• _ABOUT THIS TASK_
Repeat the entries shown below with every word and mark intact.
***** INPUT FOR THIS TASK
lemma fps_pow_int_pow:
  assumes "F $ 0 \<noteq> 0"
  shows "fps_pow_int (fps_pow_int F a) e = fps_pow_int F (a * e)"
proof (cases "e \<ge> 0")
  case True
  then obtain n where "e = int n" by (metis nonneg_eq_int)
  then show ?thesis using assms by (simp add: fps_pow_int_of_nat fps_pow_int_mult_of_nat)
next
  case False
  then obtain n where "e = - int n" by (metis nonpos_int_cases not_le less_imp_le)
  then have "fps_pow_int (fps_pow_int F a) e = fps_pow_int F (- a) ^ n"
    using assms by (simp add: fps_pow_int_minus_of_nat fps_pow_int_uminus)
  also have "\<dots> = fps_pow_int F (a * e)"
    using fps_pow_int_mult_of_nat[OF assms, of "- a" n] \<open>e = - int n\<close> by simp
  finally show ?thesis .
qed

lemma fps_pow_int_compose:
  assumes "F $ 0 \<noteq> 0" "c $ 0 = 0"
  shows "fps_pow_int (F oo c) e = fps_pow_int F e oo c"
  using assms by (simp add: fps_pow_int_eq fps_compose_mult_distrib fps_compose_power
      flip: fps_inverse_compose)

definition eta_quot :: "int \<Rightarrow> int \<Rightarrow> int \<Rightarrow> rat fps" where
  "eta_quot a b c = fps_pow_int (eta_f 1) a * fps_pow_int (eta_f 2) b * fps_pow_int (eta_f 4) c"

lemma eta_quot_mult: "eta_quot a b c * eta_quot a' b' c' = eta_quot (a + a') (b + b') (c + c')"
  by (simp add: eta_quot_def fps_pow_int_add mult_ac)

lemma fps_pow_int_eta_quot: "fps_pow_int (eta_quot a b c) e = eta_quot (a * e) (b * e) (c * e)"
  by (simp add: eta_quot_def fps_pow_int_mult_distrib fps_pow_int_pow)

lemma theta_eq_eta_quot: "theta = eta_quot 2 (-1) 0"
proof -
  have "theta = theta * eta_f 2 * inverse (eta_f 2)"
    by (simp add: mult.assoc inverse_mult_eq_1')
  also have "\<dots> = eta_quot 2 (-1) 0"
    by (simp add: eta_quot_def fps_pow_int_def flip: eta_f_1_square)
  finally show ?thesis .
qed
**********
• _ANSWER SECTION_
lemma fps_pow_int_pow:
  assumes "F $ 0 \<noteq> 0"
  shows "fps_pow_int (fps_pow_int F a) e = fps_pow_int F (a * e)"
proof (cases "e \<ge> 0")
  case True
  then obtain n where "e = int n" by (metis nonneg_eq_int)
  then show ?thesis using assms by (simp add: fps_pow_int_of_nat fps_pow_int_mult_of_nat)
next
  case False
  then obtain n where "e = - int n" by (metis nonpos_int_cases not_le less_imp_le)
  then have "fps_pow_int (fps_pow_int F a) e = fps_pow_int F (- a) ^ n"
    using assms by (simp add: fps_pow_int_minus_of_nat fps_pow_int_uminus)
  also have "\<dots> = fps_pow_int F (a * e)"
    using fps_pow_int_mult_of_nat[OF assms, of "- a" n] \<open>e = - int n\<close> by simp
  finally show ?thesis .
qed

lemma fps_pow_int_compose:
  assumes "F $ 0 \<noteq> 0" "c $ 0 = 0"
  shows "fps_pow_int (F oo c) e = fps_pow_int F e oo c"
  using assms by (simp add: fps_pow_int_eq fps_compose_mult_distrib fps_compose_power
      flip: fps_inverse_compose)

definition eta_quot :: "int \<Rightarrow> int \<Rightarrow> int \<Rightarrow> rat fps" where
  "eta_quot a b c = fps_pow_int (eta_f 1) a * fps_pow_int (eta_f 2) b * fps_pow_int (eta_f 4) c"

lemma eta_quot_mult: "eta_quot a b c * eta_quot a' b' c' = eta_quot (a + a') (b + b') (c + c')"
  by (simp add: eta_quot_def fps_pow_int_add mult_ac)

lemma fps_pow_int_eta_quot: "fps_pow_int (eta_quot a b c) e = eta_quot (a * e) (b * e) (c * e)"
  by (simp add: eta_quot_def fps_pow_int_mult_distrib fps_pow_int_pow)

lemma theta_eq_eta_quot: "theta = eta_quot 2 (-1) 0"
proof -
  have "theta = theta * eta_f 2 * inverse (eta_f 2)"
    by (simp add: mult.assoc inverse_mult_eq_1')
  also have "\<dots> = eta_quot 2 (-1) 0"
    by (simp add: eta_quot_def fps_pow_int_def flip: eta_f_1_square)
  finally show ?thesis .
qed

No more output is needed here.